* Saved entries
- - -

lemma integral_std_gauss_orthogonal_matrix:
  fixes U :: "real^'n::{finite,wellorder}^'n::{finite,wellorder}"
    and F :: "real^'n::{finite,wellorder} \<Rightarrow> real"
  assumes "orthogonal_matrix U" and "F \<in> borel_measurable borel"
  shows "(\<integral>z. F (U *v z) \<partial>std_gauss) = (\<integral>z. F z \<partial>std_gauss)"
proof -
  have "(\<integral>z. F (U *v z) \<partial>std_gauss) = (\<integral>z. F z \<partial>distr std_gauss borel (\<lambda>z. U *v z))"
    using assms(2) by (simp add: integral_distr)
  then show ?thesis
    by (simp only: std_gauss_distr_orthogonal_matrix[OF assms(1)])
qed

section \<open>Equivariance of the optimal drift and of the IS integrand\<close>

lemma has_derivative_compose_mv:
  fixes h :: "real^'n \<Rightarrow> real" and U :: "real^'m^'n"
  assumes "h differentiable (at (U *v z))"
  shows "((\<lambda>x. h (U *v x)) has_derivative (\<lambda>v. (transpose U *v grad h (U *v z)) \<bullet> v)) (at z)"
proof -
  have "((\<lambda>x. U *v x) has_derivative (\<lambda>x. U *v x)) (at z)"
    by (intro bounded_linear_imp_has_derivative matrix_vector_mul_bounded_linear)
  from diff_chain_at[OF this grad_has_derivative[OF assms]] show ?thesis
    by (simp add: o_def dot_lmul_matrix[symmetric] transpose_matrix_vector)
qed

lemma grad_compose_mv:
  fixes h :: "real^'n \<Rightarrow> real" and U :: "real^'m^'n"
  assumes "h differentiable (at (U *v z))"
  shows "grad (\<lambda>x. h (U *v x)) z = transpose U *v grad h (U *v z)"
  using has_derivative_compose_mv[OF assms] by (rule grad_eqI)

- - -

* What the task requires
Which lines of the data include the string "simp"? Find them and copy each one.

* Response to the task
    using assms(2) by (simp add: integral_distr)
    by (simp only: std_gauss_distr_orthogonal_matrix[OF assms(1)])
    by (simp add: o_def dot_lmul_matrix[symmetric] transpose_matrix_vector)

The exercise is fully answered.